• _WORK TASK_
Output only this range of the data below: the line that contains "Hinf_norm \<mu> (S_op" through the final line, both ends included, each retyped exactly.

Collection entries:
*****
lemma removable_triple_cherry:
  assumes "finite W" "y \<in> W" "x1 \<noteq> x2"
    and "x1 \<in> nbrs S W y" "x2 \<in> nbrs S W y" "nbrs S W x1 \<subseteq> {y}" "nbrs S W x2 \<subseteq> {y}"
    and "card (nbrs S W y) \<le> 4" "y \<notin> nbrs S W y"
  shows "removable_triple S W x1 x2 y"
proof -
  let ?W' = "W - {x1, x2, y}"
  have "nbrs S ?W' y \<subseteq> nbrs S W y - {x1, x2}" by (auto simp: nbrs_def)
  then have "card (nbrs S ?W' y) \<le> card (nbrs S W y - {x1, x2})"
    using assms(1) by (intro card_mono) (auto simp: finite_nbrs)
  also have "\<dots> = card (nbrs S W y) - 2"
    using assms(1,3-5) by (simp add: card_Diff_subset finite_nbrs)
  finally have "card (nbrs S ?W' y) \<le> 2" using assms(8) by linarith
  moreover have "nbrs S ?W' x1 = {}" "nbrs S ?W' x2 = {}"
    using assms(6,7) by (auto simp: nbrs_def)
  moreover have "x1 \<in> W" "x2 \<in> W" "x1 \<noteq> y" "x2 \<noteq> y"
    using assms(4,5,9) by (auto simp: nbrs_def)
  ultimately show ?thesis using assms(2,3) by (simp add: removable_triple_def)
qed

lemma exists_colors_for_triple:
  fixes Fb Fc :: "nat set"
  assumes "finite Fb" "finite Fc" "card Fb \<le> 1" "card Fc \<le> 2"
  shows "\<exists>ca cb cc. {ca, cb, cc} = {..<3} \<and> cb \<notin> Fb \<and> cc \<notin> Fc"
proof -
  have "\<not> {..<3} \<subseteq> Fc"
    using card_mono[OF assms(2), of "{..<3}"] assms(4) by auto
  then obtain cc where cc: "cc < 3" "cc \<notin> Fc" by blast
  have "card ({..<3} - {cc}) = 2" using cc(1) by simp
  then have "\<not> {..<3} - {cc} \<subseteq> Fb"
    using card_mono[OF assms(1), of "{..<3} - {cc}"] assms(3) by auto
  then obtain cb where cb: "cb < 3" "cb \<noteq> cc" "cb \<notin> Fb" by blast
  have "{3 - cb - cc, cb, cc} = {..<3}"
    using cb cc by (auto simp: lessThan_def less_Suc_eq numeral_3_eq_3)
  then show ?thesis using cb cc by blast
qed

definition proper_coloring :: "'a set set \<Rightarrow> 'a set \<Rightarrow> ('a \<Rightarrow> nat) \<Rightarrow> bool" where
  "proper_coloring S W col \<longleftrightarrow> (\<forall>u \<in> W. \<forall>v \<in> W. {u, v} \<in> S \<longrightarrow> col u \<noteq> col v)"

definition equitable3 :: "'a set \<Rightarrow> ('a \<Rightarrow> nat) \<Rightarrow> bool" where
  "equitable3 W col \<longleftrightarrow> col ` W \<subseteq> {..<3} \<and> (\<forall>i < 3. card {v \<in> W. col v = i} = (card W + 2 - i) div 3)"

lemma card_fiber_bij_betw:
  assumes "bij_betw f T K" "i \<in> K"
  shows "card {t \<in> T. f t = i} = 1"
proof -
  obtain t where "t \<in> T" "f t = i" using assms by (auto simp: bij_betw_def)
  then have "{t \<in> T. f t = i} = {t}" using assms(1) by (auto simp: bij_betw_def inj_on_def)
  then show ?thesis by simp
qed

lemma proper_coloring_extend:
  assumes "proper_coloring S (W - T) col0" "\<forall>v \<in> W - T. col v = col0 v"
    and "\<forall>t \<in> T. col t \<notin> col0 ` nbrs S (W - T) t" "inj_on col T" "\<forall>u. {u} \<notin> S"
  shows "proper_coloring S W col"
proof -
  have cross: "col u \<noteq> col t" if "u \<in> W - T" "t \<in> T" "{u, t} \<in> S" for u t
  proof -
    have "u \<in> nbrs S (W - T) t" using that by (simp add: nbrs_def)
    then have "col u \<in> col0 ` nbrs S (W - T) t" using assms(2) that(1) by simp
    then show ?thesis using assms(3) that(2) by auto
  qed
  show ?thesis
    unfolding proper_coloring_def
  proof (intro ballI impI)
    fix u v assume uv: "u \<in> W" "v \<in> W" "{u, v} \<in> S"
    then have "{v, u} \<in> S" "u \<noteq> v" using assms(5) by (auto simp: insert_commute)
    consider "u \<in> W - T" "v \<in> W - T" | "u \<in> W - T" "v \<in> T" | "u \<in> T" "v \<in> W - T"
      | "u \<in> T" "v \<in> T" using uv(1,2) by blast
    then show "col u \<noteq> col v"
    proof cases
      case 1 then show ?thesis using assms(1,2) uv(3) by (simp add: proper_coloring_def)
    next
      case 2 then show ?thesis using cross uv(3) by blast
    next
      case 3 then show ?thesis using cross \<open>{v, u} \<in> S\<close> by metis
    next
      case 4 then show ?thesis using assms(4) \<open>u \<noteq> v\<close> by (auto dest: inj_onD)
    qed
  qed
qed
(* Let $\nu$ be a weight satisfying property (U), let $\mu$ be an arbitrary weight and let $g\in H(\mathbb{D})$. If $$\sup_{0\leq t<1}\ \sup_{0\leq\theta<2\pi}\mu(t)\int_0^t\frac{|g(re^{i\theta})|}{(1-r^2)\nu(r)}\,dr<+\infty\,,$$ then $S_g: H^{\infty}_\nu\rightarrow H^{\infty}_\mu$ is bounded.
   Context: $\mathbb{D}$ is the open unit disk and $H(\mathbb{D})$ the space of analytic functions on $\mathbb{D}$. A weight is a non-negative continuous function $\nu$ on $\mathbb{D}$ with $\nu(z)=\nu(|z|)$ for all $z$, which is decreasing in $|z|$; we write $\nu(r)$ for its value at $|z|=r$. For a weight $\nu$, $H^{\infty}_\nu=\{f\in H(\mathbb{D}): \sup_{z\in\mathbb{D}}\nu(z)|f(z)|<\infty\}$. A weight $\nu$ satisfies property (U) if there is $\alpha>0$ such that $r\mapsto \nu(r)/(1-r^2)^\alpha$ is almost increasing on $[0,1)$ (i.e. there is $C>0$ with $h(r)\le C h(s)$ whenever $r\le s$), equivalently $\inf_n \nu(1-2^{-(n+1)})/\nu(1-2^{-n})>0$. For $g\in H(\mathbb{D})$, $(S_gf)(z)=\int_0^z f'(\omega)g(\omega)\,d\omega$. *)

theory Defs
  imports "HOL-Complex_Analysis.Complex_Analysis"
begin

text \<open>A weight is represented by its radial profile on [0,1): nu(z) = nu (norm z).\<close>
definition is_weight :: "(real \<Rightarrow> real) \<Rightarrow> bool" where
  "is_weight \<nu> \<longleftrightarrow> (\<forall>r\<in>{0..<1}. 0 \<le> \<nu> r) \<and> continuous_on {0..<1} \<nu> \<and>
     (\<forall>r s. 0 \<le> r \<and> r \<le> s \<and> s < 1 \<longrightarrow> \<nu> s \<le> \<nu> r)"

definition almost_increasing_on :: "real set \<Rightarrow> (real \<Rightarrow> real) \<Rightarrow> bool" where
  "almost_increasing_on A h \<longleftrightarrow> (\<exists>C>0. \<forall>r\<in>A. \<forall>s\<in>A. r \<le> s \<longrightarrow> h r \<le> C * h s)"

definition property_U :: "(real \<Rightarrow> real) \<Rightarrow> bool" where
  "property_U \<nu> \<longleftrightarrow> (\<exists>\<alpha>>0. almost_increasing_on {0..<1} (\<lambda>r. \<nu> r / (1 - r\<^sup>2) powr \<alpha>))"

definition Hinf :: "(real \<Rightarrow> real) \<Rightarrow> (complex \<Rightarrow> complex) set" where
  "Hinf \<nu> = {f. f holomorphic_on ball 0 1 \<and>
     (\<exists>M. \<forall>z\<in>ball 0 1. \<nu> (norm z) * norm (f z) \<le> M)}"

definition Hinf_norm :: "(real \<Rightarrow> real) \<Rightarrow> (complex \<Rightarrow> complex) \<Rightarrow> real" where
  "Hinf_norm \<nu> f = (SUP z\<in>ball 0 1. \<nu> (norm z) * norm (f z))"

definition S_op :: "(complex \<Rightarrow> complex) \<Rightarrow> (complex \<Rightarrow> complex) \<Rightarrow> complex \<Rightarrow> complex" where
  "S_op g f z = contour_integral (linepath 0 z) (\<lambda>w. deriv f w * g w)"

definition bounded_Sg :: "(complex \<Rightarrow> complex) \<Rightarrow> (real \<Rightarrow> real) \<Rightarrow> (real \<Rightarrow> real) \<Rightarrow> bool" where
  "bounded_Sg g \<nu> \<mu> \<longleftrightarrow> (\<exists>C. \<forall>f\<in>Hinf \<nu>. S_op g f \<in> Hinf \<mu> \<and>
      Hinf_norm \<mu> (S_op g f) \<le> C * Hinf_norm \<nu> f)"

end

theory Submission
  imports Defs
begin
*****
• _SOLUTION FOR THIS TASK_
      Hinf_norm \<mu> (S_op g f) \<le> C * Hinf_norm \<nu> f)"

end

theory Submission
  imports Defs
begin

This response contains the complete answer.